:: Given records
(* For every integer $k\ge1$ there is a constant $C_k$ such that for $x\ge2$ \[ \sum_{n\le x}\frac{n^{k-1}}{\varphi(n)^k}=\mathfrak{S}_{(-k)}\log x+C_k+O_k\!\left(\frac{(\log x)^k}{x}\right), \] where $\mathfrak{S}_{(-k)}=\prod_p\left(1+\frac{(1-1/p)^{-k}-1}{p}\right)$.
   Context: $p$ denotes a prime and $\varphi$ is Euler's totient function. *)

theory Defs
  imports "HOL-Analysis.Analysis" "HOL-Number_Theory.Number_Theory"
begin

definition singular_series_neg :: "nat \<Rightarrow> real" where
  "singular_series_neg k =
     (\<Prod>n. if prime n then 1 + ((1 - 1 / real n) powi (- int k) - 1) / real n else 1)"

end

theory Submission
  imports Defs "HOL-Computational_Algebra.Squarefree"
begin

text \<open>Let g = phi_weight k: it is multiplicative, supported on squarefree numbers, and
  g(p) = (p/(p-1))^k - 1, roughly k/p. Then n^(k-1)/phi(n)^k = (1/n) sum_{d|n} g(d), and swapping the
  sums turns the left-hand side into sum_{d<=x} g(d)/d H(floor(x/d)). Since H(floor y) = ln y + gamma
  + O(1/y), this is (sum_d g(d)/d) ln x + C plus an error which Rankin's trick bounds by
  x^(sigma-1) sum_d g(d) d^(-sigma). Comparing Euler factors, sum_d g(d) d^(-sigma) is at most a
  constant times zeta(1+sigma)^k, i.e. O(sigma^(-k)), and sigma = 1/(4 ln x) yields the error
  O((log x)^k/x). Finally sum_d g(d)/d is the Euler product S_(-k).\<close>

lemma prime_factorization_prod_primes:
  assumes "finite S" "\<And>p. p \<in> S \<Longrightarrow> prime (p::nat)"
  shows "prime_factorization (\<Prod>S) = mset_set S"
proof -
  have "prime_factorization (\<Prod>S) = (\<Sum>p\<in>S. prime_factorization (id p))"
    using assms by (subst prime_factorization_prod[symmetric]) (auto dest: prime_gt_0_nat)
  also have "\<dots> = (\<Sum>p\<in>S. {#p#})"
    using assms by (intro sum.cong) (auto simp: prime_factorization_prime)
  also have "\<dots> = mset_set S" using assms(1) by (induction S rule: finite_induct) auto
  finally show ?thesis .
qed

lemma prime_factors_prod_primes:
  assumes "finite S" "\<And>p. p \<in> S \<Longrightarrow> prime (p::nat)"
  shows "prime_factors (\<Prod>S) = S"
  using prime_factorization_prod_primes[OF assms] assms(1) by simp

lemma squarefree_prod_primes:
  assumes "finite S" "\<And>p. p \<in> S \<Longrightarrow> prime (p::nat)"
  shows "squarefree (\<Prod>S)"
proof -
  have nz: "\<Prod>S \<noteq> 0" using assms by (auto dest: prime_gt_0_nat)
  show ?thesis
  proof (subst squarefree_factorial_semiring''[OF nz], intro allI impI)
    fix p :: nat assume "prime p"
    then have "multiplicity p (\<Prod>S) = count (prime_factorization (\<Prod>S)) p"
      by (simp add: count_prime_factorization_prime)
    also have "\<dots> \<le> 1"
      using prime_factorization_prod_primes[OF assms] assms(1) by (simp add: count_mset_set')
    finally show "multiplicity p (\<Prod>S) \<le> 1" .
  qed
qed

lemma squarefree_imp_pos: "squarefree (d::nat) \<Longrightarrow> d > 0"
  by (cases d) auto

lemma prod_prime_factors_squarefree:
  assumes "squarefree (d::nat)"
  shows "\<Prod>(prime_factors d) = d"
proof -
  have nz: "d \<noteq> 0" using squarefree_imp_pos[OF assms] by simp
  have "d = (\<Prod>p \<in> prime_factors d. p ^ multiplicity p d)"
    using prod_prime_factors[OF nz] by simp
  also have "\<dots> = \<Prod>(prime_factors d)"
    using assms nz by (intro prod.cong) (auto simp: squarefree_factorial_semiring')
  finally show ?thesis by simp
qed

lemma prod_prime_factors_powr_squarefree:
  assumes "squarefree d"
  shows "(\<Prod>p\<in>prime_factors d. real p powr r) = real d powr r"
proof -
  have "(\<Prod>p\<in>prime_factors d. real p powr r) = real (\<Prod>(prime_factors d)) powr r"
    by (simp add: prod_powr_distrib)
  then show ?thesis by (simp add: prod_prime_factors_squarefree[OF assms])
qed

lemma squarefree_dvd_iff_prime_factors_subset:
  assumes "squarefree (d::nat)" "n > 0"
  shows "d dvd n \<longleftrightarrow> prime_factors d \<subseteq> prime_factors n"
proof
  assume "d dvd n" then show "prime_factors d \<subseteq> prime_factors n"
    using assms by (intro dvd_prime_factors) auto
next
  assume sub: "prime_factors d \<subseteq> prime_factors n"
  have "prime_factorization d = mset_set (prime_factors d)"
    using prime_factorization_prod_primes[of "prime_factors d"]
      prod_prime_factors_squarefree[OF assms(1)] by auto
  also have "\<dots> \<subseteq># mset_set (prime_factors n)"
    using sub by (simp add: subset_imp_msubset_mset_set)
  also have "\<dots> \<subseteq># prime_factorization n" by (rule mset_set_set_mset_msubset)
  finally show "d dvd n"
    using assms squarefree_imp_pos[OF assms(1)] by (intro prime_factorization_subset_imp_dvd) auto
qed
::::
→ About this exercise:
From the start of the data to the line that holds "theory Defs", retype each line exactly, with both ends included.

→ Response for this exercise:
(* For every integer $k\ge1$ there is a constant $C_k$ such that for $x\ge2$ \[ \sum_{n\le x}\frac{n^{k-1}}{\varphi(n)^k}=\mathfrak{S}_{(-k)}\log x+C_k+O_k\!\left(\frac{(\log x)^k}{x}\right), \] where $\mathfrak{S}_{(-k)}=\prod_p\left(1+\frac{(1-1/p)^{-k}-1}{p}\right)$.
   Context: $p$ denotes a prime and $\varphi$ is Euler's totient function. *)

theory Defs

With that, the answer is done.